**What the task requires**
Whenever a line in the entries includes the word "lemma", copy that line out.

**Data shown**
lemma fischer_ip_var_mult: "fischer_ip P (var j * Q) = fischer_ip (pderiv_var j P) Q"
proof -
  let ?A = "{\<alpha>\<in>Poly_Mapping.keys P. 0 < lookup \<alpha> j}"
  let ?f = "\<lambda>\<alpha>. \<alpha> - unit_exp j"
  have inj: "inj_on ?f ?A"
  proof (rule inj_onI)
    fix \<alpha> \<alpha>' assume "\<alpha> \<in> ?A" "\<alpha>' \<in> ?A" "?f \<alpha> = ?f \<alpha>'"
    then show "\<alpha> = \<alpha>'"
      by (metis (no_types, lifting) diff_unit_exp_add_cancel mem_Collect_eq)
  qed
  have "fischer_ip P (var j * Q) =
      (\<Sum>\<alpha>\<in>?A. of_real (fischer_weight \<alpha>) * lookup P \<alpha> * cnj (lookup Q (\<alpha> - unit_exp j)))"
    unfolding fischer_ip_def lookup_var_mult by (rule sum.mono_neutral_cong_right) auto
  also have "\<dots> = (\<Sum>\<alpha>\<in>?A. of_real (fischer_weight (?f \<alpha>)) *
      (of_nat (lookup (?f \<alpha>) j + 1) * lookup P (?f \<alpha> + unit_exp j)) * cnj (lookup Q (?f \<alpha>)))"
  proof (intro sum.cong refl)
    fix \<alpha> assume \<alpha>: "\<alpha> \<in> ?A"
    then have "lookup (\<alpha> - unit_exp j) j + 1 = lookup \<alpha> j"
      by (simp add: lookup_minus lookup_unit_exp)
    then show "of_real (fischer_weight \<alpha>) * lookup P \<alpha> * cnj (lookup Q (\<alpha> - unit_exp j)) =
        of_real (fischer_weight (?f \<alpha>)) *
        (of_nat (lookup (?f \<alpha>) j + 1) * lookup P (?f \<alpha> + unit_exp j)) * cnj (lookup Q (?f \<alpha>))"
      using \<alpha> diff_unit_exp_add_cancel[of \<alpha> j] fischer_weight_diff_unit_exp[of \<alpha> j] by simp
  qed
  also have "\<dots> = (\<Sum>\<beta>\<in>?f ` ?A. of_real (fischer_weight \<beta>) *
      (of_nat (lookup \<beta> j + 1) * lookup P (\<beta> + unit_exp j)) * cnj (lookup Q \<beta>))"
    by (simp add: sum.reindex[OF inj])
  also have "\<dots> = fischer_ip (pderiv_var j P) Q"
  proof -
    have "Poly_Mapping.keys (pderiv_var j P) \<subseteq> ?f ` ?A"
    proof
      fix \<beta> assume "\<beta> \<in> Poly_Mapping.keys (pderiv_var j P)"
      then have "\<beta> + unit_exp j \<in> ?A"
        by (simp add: in_keys_iff lookup_pderiv_var lookup_add lookup_unit_exp)
      moreover have "\<beta> = ?f (\<beta> + unit_exp j)"
        by (simp only: add_unit_exp_diff_cancel)
      ultimately show "\<beta> \<in> ?f ` ?A"
        by blast
    qed
    then show ?thesis
      using fischer_ip_superset[of "?f ` ?A" "pderiv_var j P" Q] by (simp add: lookup_pderiv_var)
  qed
  finally show ?thesis .
qed

lemma fischer_ip_self_eq_0:
  assumes "fischer_ip P P = 0"
  shows "P = 0"
proof (rule ccontr)
  assume "P \<noteq> 0"
  then have "Poly_Mapping.keys P \<noteq> {}"
    by simp
  moreover have "0 < fischer_weight \<alpha> * (cmod (lookup P \<alpha>))\<^sup>2" if "\<alpha> \<in> Poly_Mapping.keys P" for \<alpha>
    using that fischer_weight_pos[of \<alpha>] by (simp add: in_keys_iff)
  ultimately have "0 < (\<Sum>\<alpha>\<in>Poly_Mapping.keys P. fischer_weight \<alpha> * (cmod (lookup P \<alpha>))\<^sup>2)"
    by (intro sum_pos) simp_all
  moreover have "fischer_ip P P =
      of_real (\<Sum>\<alpha>\<in>Poly_Mapping.keys P. fischer_weight \<alpha> * (cmod (lookup P \<alpha>))\<^sup>2)"
    unfolding fischer_ip_def of_real_sum
    by (intro sum.cong refl) (metis complex_norm_square mult.assoc of_real_mult)
  ultimately show False
    using assms by (metis of_real_eq_0_iff order_less_irrefl)
qed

**Your response**
lemma fischer_ip_var_mult: "fischer_ip P (var j * Q) = fischer_ip (pderiv_var j P) Q"
lemma fischer_ip_self_eq_0:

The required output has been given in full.